**What the exercise asks**:
Out of the lines below, please list those that hold the string "lemma".

--- Records shown ---

lemma mat_inverse_one_minus_LamM:
  shows "the (mat_inverse (1\<^sub>m t - LamM t W)) * (1\<^sub>m t - LamM t W) = 1\<^sub>m t"
    and "the (mat_inverse (1\<^sub>m t - LamM t W)) \<in> carrier_mat t t"
proof -
  have A: "1\<^sub>m t - LamM t W \<in> carrier_mat t t"
    by (simp add: minus_carrier_mat)
  then have "1\<^sub>m t - LamM t W \<in> Units (ring_mat TYPE(real) t ())"
    by (rule det_non_zero_imp_unit) (simp add: det_one_minus_LamM)
  then obtain Inv where "mat_inverse (1\<^sub>m t - LamM t W) = Some Inv"
    using mat_inverse(1)[OF A] by fastforce
  with mat_inverse(2)[OF A this]
  show "the (mat_inverse (1\<^sub>m t - LamM t W)) * (1\<^sub>m t - LamM t W) = 1\<^sub>m t"
    and "the (mat_inverse (1\<^sub>m t - LamM t W)) \<in> carrier_mat t t"
    by simp_all
qed

lemma fixed_point_LamM:
  assumes "x \<in> carrier_vec t" and "L0 \<in> carrier_mat t n" and "b \<in> carrier_vec n"
    and fixed: "x = LamM t W *\<^sub>v x + L0 *\<^sub>v b"
  shows "x = (the (mat_inverse (1\<^sub>m t - LamM t W)) * L0) *\<^sub>v b"
proof -
  define Inv where "Inv = the (mat_inverse (1\<^sub>m t - LamM t W))"
  have left_inv: "Inv * (1\<^sub>m t - LamM t W) = 1\<^sub>m t" and Inv_carrier: "Inv \<in> carrier_mat t t"
    unfolding Inv_def by (rule mat_inverse_one_minus_LamM)+
  have "x $ i = (LamM t W *\<^sub>v x) $ i + (L0 *\<^sub>v b) $ i" if "i < t" for i
  proof -
    from fixed have "x $ i = (LamM t W *\<^sub>v x + L0 *\<^sub>v b) $ i" by (rule arg_cong)
    also have "\<dots> = (LamM t W *\<^sub>v x) $ i + (L0 *\<^sub>v b) $ i"
      using \<open>i < t\<close> \<open>L0 \<in> carrier_mat t n\<close> by (simp del: index_mult_mat_vec)
    finally show ?thesis .
  qed
  then have eq: "(1\<^sub>m t - LamM t W) *\<^sub>v x = L0 *\<^sub>v b"
    using assms
    by (intro eq_vecI) (auto simp: minus_mult_distrib_mat_vec[OF one_carrier_mat LamM_carrier])
  have "x = (Inv * (1\<^sub>m t - LamM t W)) *\<^sub>v x"
    using left_inv \<open>x \<in> carrier_vec t\<close> by simp
  also have "\<dots> = Inv *\<^sub>v ((1\<^sub>m t - LamM t W) *\<^sub>v x)"
    using Inv_carrier minus_carrier_mat[OF LamM_carrier] \<open>x \<in> carrier_vec t\<close>
    by (rule assoc_mult_mat_vec)
  also have "\<dots> = (Inv * L0) *\<^sub>v b"
    unfolding eq using Inv_carrier assms(2,3) by (simp add: assoc_mult_mat_vec)
  finally show ?thesis unfolding Inv_def .
qed

lemma cf_model_integrable_infections:
  assumes "finite_measure M" and "cf_model M T0 t Iseed W \<pi> \<alpha> I Y" and "s \<le> int t"
  shows "integrable M (I s)"
proof (cases "s \<le> 0")
  case True
  interpret finite_measure M by fact
  have "\<And>\<omega>. \<omega> \<in> space M \<Longrightarrow> I s \<omega> = (if s \<le> - int T0 then 0 else Iseed s)"
    using assms(2) True by (simp add: cf_model_def)
  then have "integrable M (I s) = integrable M (\<lambda>_. if s \<le> - int T0 then 0 else Iseed s)"
    by (rule Bochner_Integration.integrable_cong[OF refl])
  then show ?thesis by simp
next
  case False
  with assms show ?thesis by (simp add: cf_model_def)
qed

lemma cf_model_mean_seed:
  assumes "prob_space M" and "cf_model M T0 t Iseed W \<pi> \<alpha> I Y" and "s \<le> 0"
  shows "integral\<^sup>L M (I s) = (if s \<le> - int T0 then 0 else Iseed s)"
proof -
  interpret prob_space M by fact
  have "\<And>\<omega>. \<omega> \<in> space M \<Longrightarrow> I s \<omega> = (if s \<le> - int T0 then 0 else Iseed s)"
    using assms(2,3) by (simp add: cf_model_def)
  then have "integral\<^sup>L M (I s) = integral\<^sup>L M (\<lambda>_. if s \<le> - int T0 then 0 else Iseed s)"
    by (rule Bochner_Integration.integral_cong[OF refl])
  then show ?thesis by (simp add: prob_space)
qed

lemma cf_model_history_subalgebra:
  assumes "finite_measure M" and "cf_model M T0 t Iseed W \<pi> \<alpha> I Y"
    and "\<And>s. s \<in> A \<Longrightarrow> s \<le> int t" and "B \<subseteq> {1..int t}"
  shows "subalgebra M (gen_sigma M (I ` A \<union> Y ` B))"
proof (rule subalgebra_gen_sigma)
  have "\<And>s. s \<in> B \<Longrightarrow> integrable M (Y s)"
    using assms(2,4) by (auto simp: cf_model_def)
  then show "X \<in> borel_measurable M" if "X \<in> I ` A \<union> Y ` B" for X
    using that cf_model_integrable_infections[OF assms(1,2)] assms(3) by auto
qed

---

**Exercise answer**:
lemma mat_inverse_one_minus_LamM:
lemma fixed_point_LamM:
lemma cf_model_integrable_infections:
lemma cf_model_mean_seed:
lemma cf_model_history_subalgebra:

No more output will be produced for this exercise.